The ‘TYPE’ field specifies the event that is happening in each row of the data file. The different types of row are as follows:-

  • obs - Measurements that contribute to the log likelihood as defined in the PREDICTIONS section.
  • dose - Creates a dose according to the dosing functions in the DERIVATIVES section.
  • pred - Extra prediction data points. PoPy will output extra p[X] data at these time points, but they do not contribute to the likelihood.
  • reset - Set the s[X] compartment states back to the initial values (usually zero)
  • reset+dose - A ‘reset’ combined with a ‘dose’ event.

The row types above have direct equivalents in Nonmem in terms of the EVID integer values.

Typically a drug trial data set mainly consists mainly of ‘obs’ and ‘dose’ rows with a few ‘reset’ rows, per subject.


The ‘ID’ field value defines the individual for a given row. As PoPy is a PopPK/PD system. The ‘ID’ field is required because the data is split over multiple individuals to form a population.

Note that non-population analysis can be performed in PoPy by assigning all rows the same ‘ID’ value.

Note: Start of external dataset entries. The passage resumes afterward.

lemma G2_comp: "f \<in> G2 \<Longrightarrow> g \<in> G2 \<Longrightarrow> f \<circ> g \<in> G2"
  by (auto simp: G2_def olinear_def bij_comp)

lemma
  assumes "g \<in> G2"
  shows G2_oadd: "g (oadd a b) = oadd (g a) (g b)"
    and G2_osmult: "g (osmult c a) = osmult c (g a)"
    and G2_omult: "g (omult a b) = omult (g a) (g b)"
    and G2_inj: "inj g"
  using assms by (auto simp: G2_def olinear_def bij_is_inj)

lemma G2_ozero: "g \<in> G2 \<Longrightarrow> g ozero = ozero"
  by (metis G2_osmult osmult_zero_left)

lemma G2_oone:
  assumes "g \<in> G2"
  shows "g oone = oone"
proof -
  have "surj g"
    using assms by (simp add: G2_def bij_is_surj)
  then obtain b where b: "g b = oone"
    by (metis surjD)
  have "g oone = omult (g oone) (g b)"
    by (simp add: b)
  also have "\<dots> = g (omult oone b)"
    by (simp only: G2_omult[OF assms])
  also have "\<dots> = oone"
    by (simp add: b)
  finally show ?thesis .
qed

lemma oct_quadratic_coeffs_unique:
  assumes eq: "oadd (osmult t y) (osmult m oone) = oadd (osmult t' y) (osmult m' oone)"
    and not_scalar: "\<forall>c. y \<noteq> osmult c oone"
  shows "t = t' \<and> m = m'"
proof -
  obtain al a1 a2 a3 b1 b2 b3 be where y: "y = Oct al (a1, a2, a3) (b1, b2, b3) be"
    by (rule oct_coordinates)
  have coords: "t*al + m = t'*al + m'" "t*be + m = t'*be + m'"
    "t*a1 = t'*a1" "t*a2 = t'*a2" "t*a3 = t'*a3" "t*b1 = t'*b1" "t*b2 = t'*b2" "t*b3 = t'*b3"
    using eq by (simp_all add: y oadd_def osmult_def oone_def)
  have "t = t'"
  proof (rule ccontr)
    assume "t \<noteq> t'"
    moreover have "(t - t') * (al - be) = 0"
      using coords(1,2) by algebra
    ultimately have "a1 = 0" "a2 = 0" "a3 = 0" "b1 = 0" "b2 = 0" "b3 = 0" "be = al"
      using coords by auto
    then have "y = osmult al oone"
      by (simp add: y osmult_def oone_def)
    with not_scalar show False by blast
  qed
  with coords show ?thesis by simp
qed

(* Trace and norm are the coefficients of the quadratic relation omult_self, which g preserves. *)
lemma G2_otr_onorm:
  assumes "g \<in> G2"
  shows "otr (g a) = otr a \<and> onorm (g a) = onorm a"
proof (cases "\<exists>c. a = osmult c oone")
  case True
  then show ?thesis
    using assms by (auto simp: G2_osmult G2_oone)
next
  case False
  have "\<forall>c. g a \<noteq> osmult c oone"
    using False G2_inj[OF assms] by (metis G2_oone G2_osmult assms injD)
  moreover have "oadd (osmult (otr (g a)) (g a)) (osmult (- onorm (g a)) oone)
      = oadd (osmult (otr a) (g a)) (osmult (- onorm a) oone)"
    using omult_self[of a] omult_self[of "g a"]
    by (simp add: G2_omult[OF assms, symmetric] G2_oadd[OF assms] G2_osmult[OF assms] G2_oone[OF assms])
  ultimately show ?thesis
    using oct_quadratic_coeffs_unique by fastforce
qed

lemma G2_otr: "g \<in> G2 \<Longrightarrow> otr (g a) = otr a"
  and G2_onorm: "g \<in> G2 \<Longrightarrow> onorm (g a) = onorm a"
  by (simp_all add: G2_otr_onorm)

lemma
  assumes "osubalgebra A"
  shows osubalgebra_ozero: "ozero \<in> A"
    and osubalgebra_oadd: "a \<in> A \<Longrightarrow> b \<in> A \<Longrightarrow> oadd a b \<in> A"
    and osubalgebra_osmult: "a \<in> A \<Longrightarrow> osmult c a \<in> A"
    and osubalgebra_omult: "a \<in> A \<Longrightarrow> b \<in> A \<Longrightarrow> omult a b \<in> A"
  using assms by (simp_all add: osubalgebra_def osubspace_def)

lemma osubalgebra_image_G2:
  assumes "g \<in> G2" "osubalgebra A"
  shows "osubalgebra (g ` A)"
  unfolding osubalgebra_def osubspace_def
proof (intro conjI ballI allI)
  show "ozero \<in> g ` A"
    using G2_ozero[OF assms(1)] osubalgebra_ozero[OF assms(2)] by force
next
  fix x y assume "x \<in> g ` A" "y \<in> g ` A"
  then obtain a b where "a \<in> A" "b \<in> A" "x = g a" "y = g b" by auto
  then show "oadd x y \<in> g ` A" "omult x y \<in> g ` A"
    using assms by (metis G2_oadd image_eqI osubalgebra_oadd, metis G2_omult image_eqI osubalgebra_omult)
next
  fix c x assume "x \<in> g ` A"
  then obtain a where "a \<in> A" "x = g a" by auto
  then show "osmult c x \<in> g ` A"
    using assms by (metis G2_osmult image_eqI osubalgebra_osmult)
qed

lemma O0_image_G2: "g \<in> G2 \<Longrightarrow> A \<subseteq> O0 \<Longrightarrow> g ` A \<subseteq> O0"
  by (auto simp: O0_def G2_otr)

definition oindep3 :: "'a::field oct \<Rightarrow> 'a oct \<Rightarrow> 'a oct \<Rightarrow> bool" where
  "oindep3 a b c \<longleftrightarrow>
    (\<forall>k1 k2 k3. oadd (osmult k1 a) (oadd (osmult k2 b) (osmult k3 c)) = ozero
      \<longrightarrow> k1 = 0 \<and> k2 = 0 \<and> k3 = 0)"

lemma odim_ge_3_oindep3:
  assumes "odim_ge A 3"
  obtains a b c where "a \<in> A" "b \<in> A" "c \<in> A" "oindep3 a b c"
proof -
  obtain xs where xs: "length xs = 3" "set xs \<subseteq> A" "olin_indep xs"
    using assms by (auto simp: odim_ge_def)
  then obtain a b c where abc: "xs = [a, b, c]"
    by (auto simp: numeral_3_eq_3 length_Suc_conv)
  have "oindep3 a b c"
    unfolding oindep3_def
  proof (intro allI impI)
    fix k1 k2 k3
    assume "oadd (osmult k1 a) (oadd (osmult k2 b) (osmult k3 c)) = ozero"
    moreover define k where "k i = (if i = 0 then k1 else if i = 1 then k2 else k3)" for i :: nat
    ultimately have "foldr oadd (map (\<lambda>i. osmult (k i) (xs ! i)) [0..<length xs]) ozero = ozero"
      by (simp add: abc upt_rec)
    with xs have "\<forall>i<3. k i = 0"
      by (simp add: olin_indep_def)
    then have "k 0 = 0" "k 1 = 0" "k 2 = 0"
      by simp_all
    then show "k1 = 0 \<and> k2 = 0 \<and> k3 = 0"
      by (simp add: k_def)
  qed
  with xs abc that show thesis by auto
qed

The ‘TIME’ field defines the time stamp for each row.

The time field is required to be monotonically increasing, unless a TYPE = ‘reset’ or ‘reset+dose’ row is reached. Note that when the ID identifier changes between rows, then an implicit ‘reset’ occurs.

For an example of a valid combination of TYPE/ID/TIME data see Table 6.

Table 6 PoPy time reset example
TYPE ID TIME comment
obs Bob 0.0 observation at time zero
dose Bob 4.0 dose for bob at time 4.0
obs Bob 4.0 observation for bob at time 4.0
obs Bob 8.0 later observation
obs Ruth 0.0 time goes back, ok cos new ID
dose Ruth 10.0 dose for Ruth at time 10.0
obs Ruth 20.0 later observation
reset Ruth 30.0 s[X] reset at time 30.0
obs Ruth 1.0 observation following reset

In Table 6 the time always increases or stays the same in consecutive rows, but time is allowed to go backwards after a new ID or a reset.

Dosing Fields

Dosing events are created in the data file using ‘dose’ values in the TYPE field.

There are two methods of associating data dose rows with the DERIVATIVES section in the PoPy script file, as follows:-

The first involves using just the ‘dose’ value, the second involves defining dose type names.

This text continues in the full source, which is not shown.